━━ RECORDS FOR THIS TASK ━━

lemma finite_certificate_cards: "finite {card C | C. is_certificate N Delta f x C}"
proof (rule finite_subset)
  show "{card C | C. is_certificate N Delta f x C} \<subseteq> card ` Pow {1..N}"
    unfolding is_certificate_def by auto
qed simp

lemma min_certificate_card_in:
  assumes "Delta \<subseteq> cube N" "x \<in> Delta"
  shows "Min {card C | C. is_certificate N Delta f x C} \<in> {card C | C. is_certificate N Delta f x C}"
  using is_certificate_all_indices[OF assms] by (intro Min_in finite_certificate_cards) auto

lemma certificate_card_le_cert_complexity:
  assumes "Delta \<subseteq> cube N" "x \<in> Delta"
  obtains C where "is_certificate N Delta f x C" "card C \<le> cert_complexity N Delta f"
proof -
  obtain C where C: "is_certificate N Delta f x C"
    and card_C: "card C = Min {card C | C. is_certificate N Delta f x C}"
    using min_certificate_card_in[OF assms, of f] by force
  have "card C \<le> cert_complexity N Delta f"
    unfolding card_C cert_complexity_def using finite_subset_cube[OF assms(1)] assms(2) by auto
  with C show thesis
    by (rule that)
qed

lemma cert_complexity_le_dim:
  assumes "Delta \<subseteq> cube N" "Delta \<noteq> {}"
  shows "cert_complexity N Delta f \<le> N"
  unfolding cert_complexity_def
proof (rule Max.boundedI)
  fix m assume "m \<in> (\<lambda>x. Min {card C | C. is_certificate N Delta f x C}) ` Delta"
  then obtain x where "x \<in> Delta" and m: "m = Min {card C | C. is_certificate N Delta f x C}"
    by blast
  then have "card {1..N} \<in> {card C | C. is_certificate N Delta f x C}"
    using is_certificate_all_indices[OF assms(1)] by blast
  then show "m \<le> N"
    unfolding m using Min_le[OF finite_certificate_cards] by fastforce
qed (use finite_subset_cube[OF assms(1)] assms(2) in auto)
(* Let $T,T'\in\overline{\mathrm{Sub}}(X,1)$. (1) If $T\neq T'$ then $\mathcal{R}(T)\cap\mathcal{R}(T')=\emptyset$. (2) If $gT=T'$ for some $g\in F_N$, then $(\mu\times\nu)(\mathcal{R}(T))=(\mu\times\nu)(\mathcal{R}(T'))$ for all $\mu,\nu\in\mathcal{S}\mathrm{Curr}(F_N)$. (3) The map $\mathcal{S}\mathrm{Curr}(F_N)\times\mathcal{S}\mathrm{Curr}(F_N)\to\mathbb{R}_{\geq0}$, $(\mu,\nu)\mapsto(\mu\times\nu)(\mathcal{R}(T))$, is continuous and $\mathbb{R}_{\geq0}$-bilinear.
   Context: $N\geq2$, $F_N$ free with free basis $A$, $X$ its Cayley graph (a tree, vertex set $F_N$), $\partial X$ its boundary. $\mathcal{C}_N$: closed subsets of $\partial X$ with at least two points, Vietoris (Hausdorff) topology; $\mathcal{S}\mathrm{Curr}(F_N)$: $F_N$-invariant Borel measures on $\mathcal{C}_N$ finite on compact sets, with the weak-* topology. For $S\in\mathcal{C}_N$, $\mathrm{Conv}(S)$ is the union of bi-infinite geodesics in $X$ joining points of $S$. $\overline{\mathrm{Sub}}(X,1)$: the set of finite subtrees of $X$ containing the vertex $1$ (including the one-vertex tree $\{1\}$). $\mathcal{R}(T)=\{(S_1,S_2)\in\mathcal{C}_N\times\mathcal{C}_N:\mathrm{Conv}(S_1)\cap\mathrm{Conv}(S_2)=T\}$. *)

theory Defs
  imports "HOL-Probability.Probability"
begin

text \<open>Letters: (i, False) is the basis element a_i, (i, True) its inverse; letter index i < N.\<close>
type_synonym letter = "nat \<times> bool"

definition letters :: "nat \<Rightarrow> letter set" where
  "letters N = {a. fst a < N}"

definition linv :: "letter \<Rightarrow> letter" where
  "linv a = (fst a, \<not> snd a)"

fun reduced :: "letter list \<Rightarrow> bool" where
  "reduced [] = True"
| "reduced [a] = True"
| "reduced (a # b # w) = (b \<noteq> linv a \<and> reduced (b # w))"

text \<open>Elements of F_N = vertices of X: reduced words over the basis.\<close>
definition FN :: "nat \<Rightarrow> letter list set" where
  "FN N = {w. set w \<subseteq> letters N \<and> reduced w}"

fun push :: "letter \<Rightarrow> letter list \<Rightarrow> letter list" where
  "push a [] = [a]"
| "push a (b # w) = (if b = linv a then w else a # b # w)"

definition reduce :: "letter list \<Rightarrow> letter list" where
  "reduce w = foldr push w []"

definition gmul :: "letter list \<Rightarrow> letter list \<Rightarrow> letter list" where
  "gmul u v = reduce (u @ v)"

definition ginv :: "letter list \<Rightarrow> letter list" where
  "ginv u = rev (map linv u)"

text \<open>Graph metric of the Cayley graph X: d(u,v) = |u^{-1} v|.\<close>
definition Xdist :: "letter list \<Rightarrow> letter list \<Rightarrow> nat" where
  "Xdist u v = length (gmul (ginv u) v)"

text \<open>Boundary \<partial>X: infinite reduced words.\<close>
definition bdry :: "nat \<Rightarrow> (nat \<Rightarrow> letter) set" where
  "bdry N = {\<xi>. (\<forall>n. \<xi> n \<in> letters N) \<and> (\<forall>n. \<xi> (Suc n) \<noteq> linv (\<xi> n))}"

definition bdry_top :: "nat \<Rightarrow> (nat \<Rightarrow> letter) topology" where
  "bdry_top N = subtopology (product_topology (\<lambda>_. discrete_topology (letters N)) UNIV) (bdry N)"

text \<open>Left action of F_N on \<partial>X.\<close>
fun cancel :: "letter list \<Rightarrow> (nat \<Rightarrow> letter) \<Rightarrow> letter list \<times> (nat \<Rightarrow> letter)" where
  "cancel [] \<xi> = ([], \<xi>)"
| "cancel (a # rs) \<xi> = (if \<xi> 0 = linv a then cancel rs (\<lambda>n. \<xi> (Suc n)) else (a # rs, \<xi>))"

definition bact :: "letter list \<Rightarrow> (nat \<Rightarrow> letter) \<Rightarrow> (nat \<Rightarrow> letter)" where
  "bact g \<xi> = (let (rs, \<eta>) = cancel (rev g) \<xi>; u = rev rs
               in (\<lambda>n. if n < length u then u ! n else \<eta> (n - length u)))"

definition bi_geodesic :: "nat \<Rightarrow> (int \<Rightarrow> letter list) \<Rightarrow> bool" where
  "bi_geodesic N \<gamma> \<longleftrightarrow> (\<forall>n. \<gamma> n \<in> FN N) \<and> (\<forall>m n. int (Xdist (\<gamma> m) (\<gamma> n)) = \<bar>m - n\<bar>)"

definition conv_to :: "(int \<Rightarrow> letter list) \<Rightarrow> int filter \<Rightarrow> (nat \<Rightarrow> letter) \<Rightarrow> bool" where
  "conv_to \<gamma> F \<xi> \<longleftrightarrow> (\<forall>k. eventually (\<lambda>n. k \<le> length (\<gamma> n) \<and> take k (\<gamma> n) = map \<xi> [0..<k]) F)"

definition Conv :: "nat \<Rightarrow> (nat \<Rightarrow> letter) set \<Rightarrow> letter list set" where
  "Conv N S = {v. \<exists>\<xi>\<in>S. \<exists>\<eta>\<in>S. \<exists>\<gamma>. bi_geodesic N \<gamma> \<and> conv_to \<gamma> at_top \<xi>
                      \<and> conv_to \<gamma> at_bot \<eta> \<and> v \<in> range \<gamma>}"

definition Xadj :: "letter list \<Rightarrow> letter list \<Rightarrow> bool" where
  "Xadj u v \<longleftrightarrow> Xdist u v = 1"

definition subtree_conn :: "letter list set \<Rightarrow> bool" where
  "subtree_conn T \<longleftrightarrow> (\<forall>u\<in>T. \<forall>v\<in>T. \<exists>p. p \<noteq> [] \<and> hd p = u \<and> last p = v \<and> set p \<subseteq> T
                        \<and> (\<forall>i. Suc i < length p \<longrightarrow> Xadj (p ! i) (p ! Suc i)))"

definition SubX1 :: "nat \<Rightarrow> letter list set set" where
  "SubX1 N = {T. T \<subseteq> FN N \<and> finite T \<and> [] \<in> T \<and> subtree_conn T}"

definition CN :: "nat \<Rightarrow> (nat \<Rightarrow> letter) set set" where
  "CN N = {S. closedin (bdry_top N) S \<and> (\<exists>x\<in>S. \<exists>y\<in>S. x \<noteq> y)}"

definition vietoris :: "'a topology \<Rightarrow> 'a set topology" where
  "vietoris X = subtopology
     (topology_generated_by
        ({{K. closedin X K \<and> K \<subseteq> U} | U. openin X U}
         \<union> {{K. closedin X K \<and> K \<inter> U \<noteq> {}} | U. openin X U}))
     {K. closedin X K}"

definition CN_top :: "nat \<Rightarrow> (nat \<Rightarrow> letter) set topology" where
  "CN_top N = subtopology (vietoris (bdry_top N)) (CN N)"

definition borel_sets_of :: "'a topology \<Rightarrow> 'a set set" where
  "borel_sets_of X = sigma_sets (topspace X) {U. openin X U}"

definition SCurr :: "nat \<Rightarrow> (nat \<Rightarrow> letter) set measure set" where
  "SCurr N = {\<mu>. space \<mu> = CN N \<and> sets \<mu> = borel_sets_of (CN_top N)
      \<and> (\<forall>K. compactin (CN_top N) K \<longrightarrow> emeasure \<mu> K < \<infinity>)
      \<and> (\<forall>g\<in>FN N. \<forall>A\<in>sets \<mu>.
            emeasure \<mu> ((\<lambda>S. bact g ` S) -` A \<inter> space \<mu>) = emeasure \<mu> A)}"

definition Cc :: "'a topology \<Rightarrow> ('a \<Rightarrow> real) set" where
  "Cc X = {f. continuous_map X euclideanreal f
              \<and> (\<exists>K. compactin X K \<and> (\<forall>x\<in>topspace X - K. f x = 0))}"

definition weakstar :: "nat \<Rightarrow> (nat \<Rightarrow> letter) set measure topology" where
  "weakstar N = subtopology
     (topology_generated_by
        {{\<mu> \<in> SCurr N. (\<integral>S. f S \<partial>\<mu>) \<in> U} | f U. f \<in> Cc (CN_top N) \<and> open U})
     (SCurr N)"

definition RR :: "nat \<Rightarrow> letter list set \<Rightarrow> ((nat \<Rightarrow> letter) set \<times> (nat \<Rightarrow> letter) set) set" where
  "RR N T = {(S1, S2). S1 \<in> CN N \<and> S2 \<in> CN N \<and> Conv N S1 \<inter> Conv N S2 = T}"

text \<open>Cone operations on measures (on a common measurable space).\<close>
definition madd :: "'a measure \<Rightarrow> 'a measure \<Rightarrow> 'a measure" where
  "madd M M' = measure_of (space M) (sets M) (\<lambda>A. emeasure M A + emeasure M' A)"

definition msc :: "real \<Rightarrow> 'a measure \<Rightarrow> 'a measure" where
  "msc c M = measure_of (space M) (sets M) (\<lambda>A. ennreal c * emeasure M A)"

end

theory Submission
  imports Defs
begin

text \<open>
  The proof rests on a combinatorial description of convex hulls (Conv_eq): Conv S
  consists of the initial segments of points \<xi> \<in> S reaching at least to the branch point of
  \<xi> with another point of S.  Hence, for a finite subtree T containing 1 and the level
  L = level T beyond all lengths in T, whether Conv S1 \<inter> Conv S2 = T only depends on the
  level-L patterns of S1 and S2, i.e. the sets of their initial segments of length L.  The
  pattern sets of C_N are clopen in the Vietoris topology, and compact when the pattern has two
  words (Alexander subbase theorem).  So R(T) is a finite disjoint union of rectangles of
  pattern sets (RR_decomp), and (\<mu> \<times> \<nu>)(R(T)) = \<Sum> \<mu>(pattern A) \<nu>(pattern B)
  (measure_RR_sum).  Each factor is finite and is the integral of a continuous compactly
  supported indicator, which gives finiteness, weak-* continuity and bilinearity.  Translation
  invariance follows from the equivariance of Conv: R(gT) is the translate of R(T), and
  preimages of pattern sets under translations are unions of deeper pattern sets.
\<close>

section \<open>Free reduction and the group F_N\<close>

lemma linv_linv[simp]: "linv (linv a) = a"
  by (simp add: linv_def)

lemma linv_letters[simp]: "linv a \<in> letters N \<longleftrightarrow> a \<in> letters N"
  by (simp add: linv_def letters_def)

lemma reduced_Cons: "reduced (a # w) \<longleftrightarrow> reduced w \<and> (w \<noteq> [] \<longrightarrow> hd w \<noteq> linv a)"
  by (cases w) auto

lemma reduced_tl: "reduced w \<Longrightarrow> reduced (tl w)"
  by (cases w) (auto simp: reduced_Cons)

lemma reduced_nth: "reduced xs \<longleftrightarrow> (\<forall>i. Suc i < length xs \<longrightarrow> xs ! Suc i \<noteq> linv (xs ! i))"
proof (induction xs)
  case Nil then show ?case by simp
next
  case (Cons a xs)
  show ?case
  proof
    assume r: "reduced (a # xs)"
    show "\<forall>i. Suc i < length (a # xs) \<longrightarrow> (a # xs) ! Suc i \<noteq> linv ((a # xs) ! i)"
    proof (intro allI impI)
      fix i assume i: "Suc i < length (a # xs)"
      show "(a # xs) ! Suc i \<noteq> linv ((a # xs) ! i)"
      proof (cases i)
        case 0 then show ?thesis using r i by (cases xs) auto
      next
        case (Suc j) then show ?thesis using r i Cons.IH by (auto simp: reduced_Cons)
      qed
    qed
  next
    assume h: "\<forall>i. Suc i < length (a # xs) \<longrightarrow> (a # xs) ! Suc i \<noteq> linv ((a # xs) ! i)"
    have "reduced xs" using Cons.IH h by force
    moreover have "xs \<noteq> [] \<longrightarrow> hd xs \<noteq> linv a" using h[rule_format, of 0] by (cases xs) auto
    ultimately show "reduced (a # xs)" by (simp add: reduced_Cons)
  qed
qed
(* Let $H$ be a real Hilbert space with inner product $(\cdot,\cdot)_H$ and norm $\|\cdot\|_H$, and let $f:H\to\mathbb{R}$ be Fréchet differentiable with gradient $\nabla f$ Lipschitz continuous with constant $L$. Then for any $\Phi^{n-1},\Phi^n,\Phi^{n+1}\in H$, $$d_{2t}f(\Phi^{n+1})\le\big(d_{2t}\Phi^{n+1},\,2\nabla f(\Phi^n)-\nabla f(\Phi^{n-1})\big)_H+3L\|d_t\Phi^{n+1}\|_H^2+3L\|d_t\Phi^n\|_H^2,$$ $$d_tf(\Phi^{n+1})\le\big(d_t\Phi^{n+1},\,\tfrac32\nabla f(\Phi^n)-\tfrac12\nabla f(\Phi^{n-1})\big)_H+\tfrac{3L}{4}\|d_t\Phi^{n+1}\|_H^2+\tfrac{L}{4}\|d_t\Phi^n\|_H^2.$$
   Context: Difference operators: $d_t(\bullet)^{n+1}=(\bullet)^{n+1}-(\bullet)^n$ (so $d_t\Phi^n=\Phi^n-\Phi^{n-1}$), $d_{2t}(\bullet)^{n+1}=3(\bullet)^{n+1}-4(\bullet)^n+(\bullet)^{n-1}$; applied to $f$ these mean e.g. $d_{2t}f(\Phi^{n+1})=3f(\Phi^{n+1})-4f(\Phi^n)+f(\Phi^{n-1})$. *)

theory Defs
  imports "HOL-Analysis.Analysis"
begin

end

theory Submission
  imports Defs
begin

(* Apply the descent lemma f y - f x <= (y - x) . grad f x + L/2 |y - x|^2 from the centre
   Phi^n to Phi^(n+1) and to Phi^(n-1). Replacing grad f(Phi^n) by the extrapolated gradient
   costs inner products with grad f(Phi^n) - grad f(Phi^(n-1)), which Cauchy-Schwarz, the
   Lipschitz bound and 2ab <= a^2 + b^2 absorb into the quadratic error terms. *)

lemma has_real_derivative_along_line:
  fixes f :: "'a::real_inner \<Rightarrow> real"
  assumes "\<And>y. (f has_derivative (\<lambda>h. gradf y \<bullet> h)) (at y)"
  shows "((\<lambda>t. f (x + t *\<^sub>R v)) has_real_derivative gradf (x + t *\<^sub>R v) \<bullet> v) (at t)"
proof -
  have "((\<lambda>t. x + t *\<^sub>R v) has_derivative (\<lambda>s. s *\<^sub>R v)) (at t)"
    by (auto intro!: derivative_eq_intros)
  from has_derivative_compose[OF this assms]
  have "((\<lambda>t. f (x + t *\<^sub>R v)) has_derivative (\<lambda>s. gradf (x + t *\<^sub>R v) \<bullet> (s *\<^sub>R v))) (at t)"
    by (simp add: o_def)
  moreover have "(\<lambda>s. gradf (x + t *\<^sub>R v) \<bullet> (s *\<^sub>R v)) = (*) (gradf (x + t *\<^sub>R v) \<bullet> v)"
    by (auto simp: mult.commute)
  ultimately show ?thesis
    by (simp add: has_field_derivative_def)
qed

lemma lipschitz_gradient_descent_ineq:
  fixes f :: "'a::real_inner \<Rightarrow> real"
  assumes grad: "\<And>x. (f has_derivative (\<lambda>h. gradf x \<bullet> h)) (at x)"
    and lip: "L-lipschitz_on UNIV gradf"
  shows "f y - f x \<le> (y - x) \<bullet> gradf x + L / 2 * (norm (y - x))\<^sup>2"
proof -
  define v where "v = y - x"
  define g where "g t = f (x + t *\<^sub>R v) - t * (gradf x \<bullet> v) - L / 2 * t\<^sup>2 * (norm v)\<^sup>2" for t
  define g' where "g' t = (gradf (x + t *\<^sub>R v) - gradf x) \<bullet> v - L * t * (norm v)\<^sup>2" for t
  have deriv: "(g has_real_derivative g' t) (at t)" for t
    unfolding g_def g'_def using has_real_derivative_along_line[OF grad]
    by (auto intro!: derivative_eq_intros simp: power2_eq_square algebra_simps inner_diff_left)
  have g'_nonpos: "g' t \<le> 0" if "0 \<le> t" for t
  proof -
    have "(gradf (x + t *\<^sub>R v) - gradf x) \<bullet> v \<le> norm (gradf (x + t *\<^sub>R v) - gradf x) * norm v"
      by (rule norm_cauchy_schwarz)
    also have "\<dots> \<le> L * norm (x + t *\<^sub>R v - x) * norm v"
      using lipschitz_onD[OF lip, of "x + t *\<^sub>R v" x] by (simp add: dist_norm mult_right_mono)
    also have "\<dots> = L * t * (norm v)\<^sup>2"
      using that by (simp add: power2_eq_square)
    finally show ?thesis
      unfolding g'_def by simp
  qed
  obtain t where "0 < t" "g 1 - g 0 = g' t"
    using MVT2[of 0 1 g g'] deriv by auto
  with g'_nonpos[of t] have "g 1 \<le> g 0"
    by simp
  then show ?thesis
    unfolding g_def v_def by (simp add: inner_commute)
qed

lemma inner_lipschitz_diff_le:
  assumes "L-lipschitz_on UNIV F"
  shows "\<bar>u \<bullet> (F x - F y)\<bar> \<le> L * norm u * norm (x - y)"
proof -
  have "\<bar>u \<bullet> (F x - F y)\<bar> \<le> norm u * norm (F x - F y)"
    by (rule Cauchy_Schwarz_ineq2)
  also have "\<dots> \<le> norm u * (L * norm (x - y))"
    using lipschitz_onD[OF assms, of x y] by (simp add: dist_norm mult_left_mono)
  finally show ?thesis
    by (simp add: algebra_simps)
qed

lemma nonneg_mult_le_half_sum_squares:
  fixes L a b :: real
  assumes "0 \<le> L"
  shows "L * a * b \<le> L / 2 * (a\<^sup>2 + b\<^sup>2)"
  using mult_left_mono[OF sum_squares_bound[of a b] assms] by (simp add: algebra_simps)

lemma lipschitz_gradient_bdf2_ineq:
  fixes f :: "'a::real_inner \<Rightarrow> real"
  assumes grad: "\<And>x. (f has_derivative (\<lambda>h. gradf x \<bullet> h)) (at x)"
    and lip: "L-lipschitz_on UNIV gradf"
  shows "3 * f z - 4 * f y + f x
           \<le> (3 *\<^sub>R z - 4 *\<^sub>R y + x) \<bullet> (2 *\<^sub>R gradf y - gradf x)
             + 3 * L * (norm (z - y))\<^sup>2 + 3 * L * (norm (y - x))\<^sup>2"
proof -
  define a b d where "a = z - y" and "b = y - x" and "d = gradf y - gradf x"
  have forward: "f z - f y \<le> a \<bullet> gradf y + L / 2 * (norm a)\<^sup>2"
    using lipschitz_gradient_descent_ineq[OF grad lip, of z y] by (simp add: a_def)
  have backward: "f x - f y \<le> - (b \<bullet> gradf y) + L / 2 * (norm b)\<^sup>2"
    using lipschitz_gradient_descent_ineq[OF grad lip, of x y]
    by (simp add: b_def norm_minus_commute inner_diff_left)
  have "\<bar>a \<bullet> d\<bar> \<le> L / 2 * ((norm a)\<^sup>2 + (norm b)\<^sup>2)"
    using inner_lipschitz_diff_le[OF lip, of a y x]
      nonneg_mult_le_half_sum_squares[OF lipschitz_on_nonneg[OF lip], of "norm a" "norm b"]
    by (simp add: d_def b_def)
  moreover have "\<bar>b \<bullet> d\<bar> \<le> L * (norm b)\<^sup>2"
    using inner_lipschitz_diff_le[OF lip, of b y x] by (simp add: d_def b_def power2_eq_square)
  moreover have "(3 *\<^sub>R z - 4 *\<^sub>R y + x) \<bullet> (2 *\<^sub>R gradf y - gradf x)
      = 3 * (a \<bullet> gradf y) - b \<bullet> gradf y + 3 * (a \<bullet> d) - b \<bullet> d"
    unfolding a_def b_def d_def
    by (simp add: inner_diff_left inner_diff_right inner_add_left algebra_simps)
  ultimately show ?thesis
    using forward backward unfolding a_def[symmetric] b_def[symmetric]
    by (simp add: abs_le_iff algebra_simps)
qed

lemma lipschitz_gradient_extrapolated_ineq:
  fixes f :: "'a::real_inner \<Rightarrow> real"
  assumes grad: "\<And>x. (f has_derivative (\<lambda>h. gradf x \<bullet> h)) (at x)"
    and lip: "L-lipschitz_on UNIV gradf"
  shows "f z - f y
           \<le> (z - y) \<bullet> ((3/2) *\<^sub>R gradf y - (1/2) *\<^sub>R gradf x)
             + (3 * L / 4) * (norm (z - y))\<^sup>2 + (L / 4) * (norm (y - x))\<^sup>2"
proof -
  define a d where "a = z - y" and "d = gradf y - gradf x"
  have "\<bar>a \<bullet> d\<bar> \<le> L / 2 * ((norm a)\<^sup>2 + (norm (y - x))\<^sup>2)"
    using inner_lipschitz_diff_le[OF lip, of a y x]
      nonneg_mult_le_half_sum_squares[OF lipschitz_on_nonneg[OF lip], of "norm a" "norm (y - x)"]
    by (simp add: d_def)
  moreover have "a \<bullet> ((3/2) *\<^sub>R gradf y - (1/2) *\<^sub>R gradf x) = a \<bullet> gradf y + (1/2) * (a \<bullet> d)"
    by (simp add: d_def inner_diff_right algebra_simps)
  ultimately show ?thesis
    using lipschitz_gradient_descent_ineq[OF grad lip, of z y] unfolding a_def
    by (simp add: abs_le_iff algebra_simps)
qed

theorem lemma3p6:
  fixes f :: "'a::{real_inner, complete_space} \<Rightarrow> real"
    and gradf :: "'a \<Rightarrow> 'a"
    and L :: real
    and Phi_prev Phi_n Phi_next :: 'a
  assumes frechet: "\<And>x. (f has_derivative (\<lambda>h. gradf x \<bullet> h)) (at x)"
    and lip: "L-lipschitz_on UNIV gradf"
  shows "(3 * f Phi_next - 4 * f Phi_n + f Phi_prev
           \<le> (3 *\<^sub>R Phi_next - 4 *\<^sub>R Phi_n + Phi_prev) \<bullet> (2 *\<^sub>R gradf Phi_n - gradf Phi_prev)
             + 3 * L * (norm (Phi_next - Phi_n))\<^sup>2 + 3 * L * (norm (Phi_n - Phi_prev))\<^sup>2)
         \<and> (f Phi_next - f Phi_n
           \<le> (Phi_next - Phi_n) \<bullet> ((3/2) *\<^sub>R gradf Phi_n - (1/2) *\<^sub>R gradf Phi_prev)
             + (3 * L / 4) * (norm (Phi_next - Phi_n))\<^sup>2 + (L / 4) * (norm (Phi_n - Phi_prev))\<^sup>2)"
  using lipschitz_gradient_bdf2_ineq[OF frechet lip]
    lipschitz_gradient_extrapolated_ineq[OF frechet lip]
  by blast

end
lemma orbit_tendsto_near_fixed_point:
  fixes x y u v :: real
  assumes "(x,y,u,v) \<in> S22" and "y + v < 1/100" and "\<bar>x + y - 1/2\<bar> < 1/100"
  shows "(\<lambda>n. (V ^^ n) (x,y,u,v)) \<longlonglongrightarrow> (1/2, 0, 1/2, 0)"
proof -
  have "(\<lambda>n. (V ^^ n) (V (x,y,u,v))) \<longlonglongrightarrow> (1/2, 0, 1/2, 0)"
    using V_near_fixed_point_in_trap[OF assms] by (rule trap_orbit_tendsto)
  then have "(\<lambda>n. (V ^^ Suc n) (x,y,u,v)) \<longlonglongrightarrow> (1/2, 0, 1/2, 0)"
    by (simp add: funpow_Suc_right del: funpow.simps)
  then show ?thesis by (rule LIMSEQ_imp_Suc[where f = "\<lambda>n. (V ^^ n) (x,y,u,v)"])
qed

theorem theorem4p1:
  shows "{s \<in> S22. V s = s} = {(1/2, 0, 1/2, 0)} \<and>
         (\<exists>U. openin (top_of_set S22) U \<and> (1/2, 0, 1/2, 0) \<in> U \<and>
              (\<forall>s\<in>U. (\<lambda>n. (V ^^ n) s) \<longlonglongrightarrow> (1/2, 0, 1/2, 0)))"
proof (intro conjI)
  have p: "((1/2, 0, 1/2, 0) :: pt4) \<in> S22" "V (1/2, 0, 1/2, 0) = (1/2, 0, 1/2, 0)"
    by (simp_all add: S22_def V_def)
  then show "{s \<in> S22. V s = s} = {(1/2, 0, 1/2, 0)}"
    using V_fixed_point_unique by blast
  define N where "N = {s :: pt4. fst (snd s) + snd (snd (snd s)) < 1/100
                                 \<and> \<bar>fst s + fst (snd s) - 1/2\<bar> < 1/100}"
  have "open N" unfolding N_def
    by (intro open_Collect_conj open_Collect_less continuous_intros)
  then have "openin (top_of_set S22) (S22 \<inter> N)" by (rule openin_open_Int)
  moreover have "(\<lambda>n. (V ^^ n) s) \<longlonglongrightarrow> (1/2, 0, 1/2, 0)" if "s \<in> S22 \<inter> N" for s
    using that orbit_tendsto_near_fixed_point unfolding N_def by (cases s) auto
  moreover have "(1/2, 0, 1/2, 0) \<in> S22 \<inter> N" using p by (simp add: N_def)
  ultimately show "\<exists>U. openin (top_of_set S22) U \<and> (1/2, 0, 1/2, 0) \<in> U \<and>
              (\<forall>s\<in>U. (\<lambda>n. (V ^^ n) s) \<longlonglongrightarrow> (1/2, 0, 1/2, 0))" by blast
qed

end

━━━

## WHAT THE TASK ASKS
After locating the line with "define g' where" in the material above, return it and each line after it exactly, ending at the line with "by (auto intro!: derivative_eq_intros simp: power2_eq_square".

## RESPONSE TO THIS EXERCISE
  define g' where "g' t = (gradf (x + t *\<^sub>R v) - gradf x) \<bullet> v - L * t * (norm v)\<^sup>2" for t
  have deriv: "(g has_real_derivative g' t) (at t)" for t
    unfolding g_def g'_def using has_real_derivative_along_line[OF grad]
    by (auto intro!: derivative_eq_intros simp: power2_eq_square algebra_simps inner_diff_left)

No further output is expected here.